The handlers are the following:
###############################################################################
# Manage login requests using Google authentication
###############################################################################
class AuthLoginHandler(BaseHandler, tornado.auth.GoogleMixin):
@tornado.web.asynchronous
def get(self):
if self.get_argument("openid.mode", None):
self.get_authenticated_user(self.async_callback(self._on_auth))
return
self.authenticate_redirect()
# Authentication-OK callback.
# Save user info on the first connection.
# Only save a last-login timestamp otherwise.
def _on_auth(self, user):
if not user:
raise tornado.web.HTTPError(500, "Google auth failed")
str_time = datetime.datetime.now().isoformat()

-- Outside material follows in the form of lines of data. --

(* Let $\Sigma$ be a finite alphabet, let $\mathcal D$ be a probability distribution over $\Sigma^\ast$, let $L_{\mathcal R}\subseteq\Sigma^\ast$ be the language of an RNN acceptor $\mathcal R$ (accessible only through membership queries $u\mapsto [u\in L_{\mathcal R}]$), let $\psi$ be an LTL formula (the query), and let $\varepsilon,\delta\in(0,1)$. Run the procedure LEXR described in the context on these inputs. Then the probability (over the random test words drawn by the verifier) that LEXR terminates and returns an LTL formula $\varphi$ which is not an $\varepsilon$-explanation for $\mathcal R$ and $\psi$ is at most $\delta$; i.e., whenever LEXR returns a formula $\varphi$, it is an $\varepsilon$-explanation, meaning $\mathbf P_{\mathcal D}\big(L(\varphi)\oplus(L_{\mathcal R}\cap L(\psi))\big)<\varepsilon$, with probability at least $1-\delta$.
   Context: Words are finite sequences over the finite alphabet $\Sigma$; $\Sigma^\ast$ is the set of all finite words, $\lambda$ the empty word. An RNN acceptor $\mathcal R$ is given abstractly by a state-update map $g:\mathbb R^{d_s}\times\Sigma\to\mathbb R^{d_s}$, an initial state $s_I$, and a classifier $f:\mathbb R^{d_s}\to\{0,1\}$; extending $g$ to words by $g^\ast(s,\lambda)=s$, $g^\ast(s,ua)=g(g^\ast(s,u),a)$, its language is $L(\mathcal R)=\{u\in\Sigma^\ast: f(g^\ast(s_I,u))=1\}$. LTL formulas are generated by $\varphi::= a\in\Sigma\mid\neg\varphi\mid\varphi\vee\varphi\mid \mathbf X\varphi\mid \varphi\,\mathbf U\,\varphi$ (with the usual abbreviations $\top,\bot,\wedge,\to,\mathbf F\varphi=\top\mathbf U\varphi,\mathbf G\varphi=\neg\mathbf F\neg\varphi$), interpreted over finite words $u=a_1\dots a_n$: $(u,i)\models a$ iff $a_i=a$; negation and disjunction as usual; $(u,i)\models\mathbf X\varphi$ iff $i<n$ and $(u,i+1)\models\varphi$; $(u,i)\models\varphi_1\mathbf U\varphi_2$ iff there is $j\in\{i,\dots,n\}$ with $(u,j)\models\varphi_2$ and $(u,k)\models\varphi_1$ for all $i\le k<j$. $u\models\varphi$ means $(u,1)\models\varphi$, and $L(\varphi)=\{u: u\models\varphi\}$. $\oplus$ denotes symmetric difference of languages. A formula $\varphi$ is an $\varepsilon$-explanation for $\mathcal R$ and $\psi$ if $\mathbf P_{\mathcal D}(\{u\in\Sigma^\ast: u\in L(\varphi)\oplus(L(\mathcal R)\cap L(\psi))\})<\varepsilon$. Procedure LEXR: maintain a finite sample $\mathcal S\subset\Sigma^\ast\times\{0,1\}$, initially empty. In iteration $i=1,2,\dots$: (1) the learner outputs an LTL formula $\varphi$ consistent with $\mathcal S$ (every $(u,1)\in\mathcal S$ satisfies $u\models\varphi$ and every $(u,0)\in\mathcal S$ satisfies $u\not\models\varphi$; the paper's learner picks one of minimal size via SAT solving); (2) the verifier draws a test suite $T_i$ of $r_i=\lceil\frac1\varepsilon(i\ln 2-\ln\delta)\rceil$ words independently according to $\mathcal D$ and checks whether some $u\in T_i$ lies in $L(\varphi)\oplus(L(\mathcal R)\cap L(\psi))$ (a counterexample); (3) if there is no counterexample, LEXR terminates and returns $\varphi$; otherwise the counterexample(s) $u$ are added to $\mathcal S$ with label $1$ if $u\in L(\mathcal R)\cap L(\psi)$ and label $0$ otherwise, and the next iteration starts. LEXR need not terminate. *)

theory Defs
  imports "HOL-Probability.Probability"
begin
(* Let $\Gamma$ be a Fuchsian group and let $z_0\in\mathbb{H}^2$ be a point not fixed by any non-identity element of $\Gamma$. Define $B_\Gamma(z_0)=\bigcup_{z\in D_\Gamma(z_0)}D_\Gamma(z)$ and $U_\Gamma(z_0)=\{\gamma\in\Gamma:\ \gamma\cdot D_\Gamma(z_0)\cap B_\Gamma(z_0)\neq\emptyset\}$. Then $U_\Gamma(z_0)$ is a geodesic cover of $\Gamma$ corresponding to the fundamental domain $D_\Gamma(z_0)$.
   Context: $\Gamma$ acts on the upper half plane $\mathbb{H}^2$ by Möbius transformations; $d_{\mathbb{H}^2}$ is the hyperbolic metric. For $w\in\mathbb{H}^2$, the Dirichlet domain is $D_\Gamma(w)=\{z\in\mathbb{H}^2: d_{\mathbb{H}^2}(z,w)\leq d_{\mathbb{H}^2}(z,\gamma\cdot w)\ \forall\gamma\in\Gamma\}$; when $w$ is not fixed by a non-identity element it is a fundamental domain. A subset $\Gamma_0\subset\Gamma$ containing the identity is a geodesic cover of $\Gamma$ corresponding to a fundamental domain $F$ if for all $p,q\in F$, $\min_{\gamma\in\Gamma}d_{\mathbb{H}^2}(p,\gamma\cdot q)=\min_{\gamma\in\Gamma_0}d_{\mathbb{H}^2}(p,\gamma\cdot q)$. *)

theory Defs
  imports "HOL-Analysis.Analysis"
begin

text \<open>A Fuchsian group is a discrete subgroup of PSL(2,R); we represent it by its preimage,
  a discrete subgroup of SL(2,R) (the action on the upper half plane is the same).\<close>

type_synonym mat2 = "real \<times> real \<times> real \<times> real"

definition upper_half_plane :: "complex set" where
  "upper_half_plane = {z. Im z > 0}"

definition mat_mult :: "mat2 \<Rightarrow> mat2 \<Rightarrow> mat2" where
  "mat_mult A B = (case A of (a,b,c,d) \<Rightarrow> case B of (e,f,g,h) \<Rightarrow>
      (a*e + b*g, a*f + b*h, c*e + d*g, c*f + d*h))"

definition mat_det :: "mat2 \<Rightarrow> real" where
  "mat_det A = (case A of (a,b,c,d) \<Rightarrow> a*d - b*c)"

definition mat_inv :: "mat2 \<Rightarrow> mat2" where
  "mat_inv A = (case A of (a,b,c,d) \<Rightarrow> (d, -b, -c, a))"

definition mat_id :: mat2 where
  "mat_id = (1, 0, 0, 1)"

definition moeb :: "mat2 \<Rightarrow> complex \<Rightarrow> complex" where
  "moeb A z = (case A of (a,b,c,d) \<Rightarrow>
      (of_real a * z + of_real b) / (of_real c * z + of_real d))"

definition fuchsian_group :: "mat2 set \<Rightarrow> bool" where
  "fuchsian_group \<Gamma> \<longleftrightarrow>
     (\<forall>g\<in>\<Gamma>. mat_det g = 1) \<and> mat_id \<in> \<Gamma> \<and>
     (\<forall>g\<in>\<Gamma>. \<forall>h\<in>\<Gamma>. mat_mult g h \<in> \<Gamma>) \<and> (\<forall>g\<in>\<Gamma>. mat_inv g \<in> \<Gamma>) \<and>
     (\<forall>g\<in>\<Gamma>. \<exists>e>0. \<forall>h\<in>\<Gamma>. dist h g < e \<longrightarrow> h = g)"

definition hdist :: "complex \<Rightarrow> complex \<Rightarrow> real" where
  "hdist z w = arcosh (1 + (cmod (z - w))\<^sup>2 / (2 * Im z * Im w))"

definition acts_trivially :: "mat2 \<Rightarrow> bool" where
  "acts_trivially g \<longleftrightarrow> (\<forall>z\<in>upper_half_plane. moeb g z = z)"

definition dirichlet_domain :: "mat2 set \<Rightarrow> complex \<Rightarrow> complex set" where
  "dirichlet_domain \<Gamma> w = {z \<in> upper_half_plane. \<forall>\<gamma>\<in>\<Gamma>. hdist z w \<le> hdist z (moeb \<gamma> w)}"

definition B_set :: "mat2 set \<Rightarrow> complex \<Rightarrow> complex set" where
  "B_set \<Gamma> z0 = (\<Union>z\<in>dirichlet_domain \<Gamma> z0. dirichlet_domain \<Gamma> z)"

definition U_set :: "mat2 set \<Rightarrow> complex \<Rightarrow> mat2 set" where
  "U_set \<Gamma> z0 = {\<gamma>\<in>\<Gamma>. moeb \<gamma> ` dirichlet_domain \<Gamma> z0 \<inter> B_set \<Gamma> z0 \<noteq> {}}"

definition geodesic_cover :: "mat2 set \<Rightarrow> mat2 set \<Rightarrow> complex set \<Rightarrow> bool" where
  "geodesic_cover \<Gamma> \<Gamma>0 F \<longleftrightarrow> \<Gamma>0 \<subseteq> \<Gamma> \<and> mat_id \<in> \<Gamma>0 \<and>
     (\<forall>p\<in>F. \<forall>q\<in>F.
        (\<exists>\<gamma>\<in>\<Gamma>. hdist p (moeb \<gamma> q) = (INF g\<in>\<Gamma>. hdist p (moeb g q))) \<and>
        (\<exists>\<gamma>\<in>\<Gamma>0. hdist p (moeb \<gamma> q) = (INF g\<in>\<Gamma>0. hdist p (moeb g q))) \<and>
        (INF g\<in>\<Gamma>. hdist p (moeb g q)) = (INF g\<in>\<Gamma>0. hdist p (moeb g q)))"

end

theory Submission
  imports Defs
begin

text \<open>For p, q in D(z0) choose \<gamma> \<in> \<Gamma> with \<gamma> q nearest to p; it exists because the
  elements of SL(2,R) moving q into a fixed hyperbolic ball around p form a bounded set, of which
  a discrete group meets only finitely many points. Minimality and the invariance of the metric
  give d(\<gamma> q, p) \<le> d(\<gamma> q, \<delta> p) for all \<delta> \<in> \<Gamma>, i.e. \<gamma> q \<in> D(p) \<subseteq> B(z0). As also
  \<gamma> q \<in> \<gamma> D(z0), \<gamma> lies in U(z0), so the minimum over U(z0) equals that over \<Gamma>.\<close>

lemma moeb_denom_nonzero:
  assumes "Im z > 0" "a*d - b*c = (1::real)"
  shows "of_real c * z + of_real d \<noteq> 0"
proof
  assume h: "of_real c * z + of_real d = 0"
  then have "Im (of_real c * z + of_real d) = 0" by simp
  then have "c = 0" using assms(1) by simp
  with h assms(2) show False by simp
qed

lemma Im_moeb:
  assumes "Im z > 0" "a*d - b*c = (1::real)"
  shows "Im (moeb (a,b,c,d) z) = Im z / (cmod (of_real c * z + of_real d))\<^sup>2"
proof -
  have "Im (moeb (a,b,c,d) z) = (Im (of_real a * z + of_real b) * Re (of_real c * z + of_real d) -
        Re (of_real a * z + of_real b) * Im (of_real c * z + of_real d)) / (cmod (of_real c * z + of_real d))\<^sup>2"
    unfolding moeb_def by (simp add: Im_divide cmod_power2)
  also have "\<dots> = (a*d - b*c) * Im z / (cmod (of_real c * z + of_real d))\<^sup>2"
    by (simp add: algebra_simps)
  finally show ?thesis using assms by simp
qed

lemma moeb_diff:
  assumes "Im z > 0" "Im w > 0" "a*d - b*c = (1::real)"
  shows "moeb (a,b,c,d) z - moeb (a,b,c,d) w =
    (z - w) / ((of_real c * z + of_real d) * (of_real c * w + of_real d))"
proof -
  have "complex_of_real a * complex_of_real d - complex_of_real b * complex_of_real c = 1"
    by (metis assms(3) of_real_1 of_real_diff of_real_mult)
  with moeb_denom_nonzero[OF assms(1,3)] moeb_denom_nonzero[OF assms(2,3)] show ?thesis
    unfolding moeb_def by (simp add: field_simps)
qed

lemma mat_det_mat_mult: "mat_det (mat_mult A B) = mat_det A * mat_det B"
  by (cases A; cases B) (simp add: mat_det_def mat_mult_def algebra_simps)

lemma Im_moeb_pos:
  assumes "mat_det g = 1" "Im z > 0"
  shows "Im (moeb g z) > 0"
proof (cases g)
  case (fields a b c d)
  with assms show ?thesis
    using Im_moeb[of z a d b c] moeb_denom_nonzero[of z a d b c] by (simp add: mat_det_def)
qed
(* Fix $n\ge2$. Under the coupling described in the context, for any $t\ge0$, $\delta>0$ and $\mathbf{y}\in\mathbb{R}_+^{n-1}$, $$\lim_{\tilde{\mathbf{y}}\to\mathbf{y}}\mathbb{P}_{\mathbf{y},\tilde{\mathbf{y}}}\Big(\sum_{i=1}^{n-1}|Y_i(t)-\tilde Y_i(t)|\ge\delta\Big)=0.$$ In particular, the gap process has the weak Feller property: for every bounded continuous $f$ and $t\ge0$, $\mathbf{y}\mapsto\mathbb{E}_{\mathbf{y}}f(\mathbf{Y}(t))$ is bounded and continuous.
   Context: Fix $n\ge 2$ and a probability law $\theta$ on $(0,\infty)$ with mean $1$. The $n$-particle Stochastic Follow-the-Leader system $\mathbf{X}=(X_1,\dots,X_n)$ on $\mathbb{R}$ evolves as a pure jump Markov process: the leader $X_1$ jumps forward at rate $1$ with i.i.d. jump sizes of law $\theta$; for $i\ge2$, $X_i$ jumps at rate $X_{i-1}-X_i$ to a uniform location in $(X_i,X_{i-1})$. Gaps: $Y_i=X_i-X_{i+1}$. Coupling: two systems $\mathbf{X},\tilde{\mathbf{X}}$ with $X_1(0)=\tilde X_1(0)$; the leaders use the same jump times and sizes (so $X_1\equiv\tilde X_1$). For each $i\in[n-1]$, at time $t$ let $m_i=Y_i\wedge\tilde Y_i$, $n_i=|Y_i-\tilde Y_i|$, and call the $(i+1)$-th particle with larger gap ahead the "faster" one. At rate $m_i+n_i$ (independently over $i$) an event occurs for the pair $(X_{i+1},\tilde X_{i+1})$: with probability $n_i/(m_i+n_i)$ the faster particle jumps forward by a $\mathrm{U}(0,n_i)$ amount and the slower does not move; with probability $m_i/(m_i+n_i)$ the faster particle jumps forward by $U^*\sim\mathrm{U}(n_i,m_i+n_i)$ and the slower simultaneously jumps forward by $U^*-n_i$. Each marginal is a copy of the original system. $\mathbb{P}_{\mathbf{y},\tilde{\mathbf{y}}}$ denotes the law of the coupled gap processes $(\mathbf{Y},\tilde{\mathbf{Y}})$ with $\mathbf{Y}(0)=\mathbf{y}$, $\tilde{\mathbf{Y}}(0)=\tilde{\mathbf{y}}$. *)

theory Defs
  imports "HOL-Probability.Probability"
begin

text \<open>Gap vectors of the n-particle system are functions nat => real supported on
  indices 1..n-1 (gap i = X_i - X_{i+1}). The state space R_+^{n-1}:\<close>

definition gap_space :: "nat \<Rightarrow> (nat \<Rightarrow> real) set" where
  "gap_space n = {y. (\<forall>i\<in>{1..n-1}. 0 \<le> y i) \<and> (\<forall>i. i \<notin> {1..n-1} \<longrightarrow> y i = 0)}"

usr = self.db.get("SELECT * FROM users WHERE email=%s", user["email"])
if not usr:
# Create user entry in the WSN-database
self.lock_tables("write", ['users'])
usr_id = self.db.execute("INSERT INTO users (email, name, last_access) \
VALUES (%s,%s,%s)",
user["email"], user["name"], str_time)
self.unlock_tables()
else:
self.lock_tables("write", ['users'])
usr_id = usr["id"]
self.db.execute("UPDATE users SET last_access=%s WHERE id=%s",
str_time, usr_id)
self.unlock_tables()
self.set_secure_cookie("user", str(usr_id))
self.info("Hello <b>" + user["name"] + "</b>!")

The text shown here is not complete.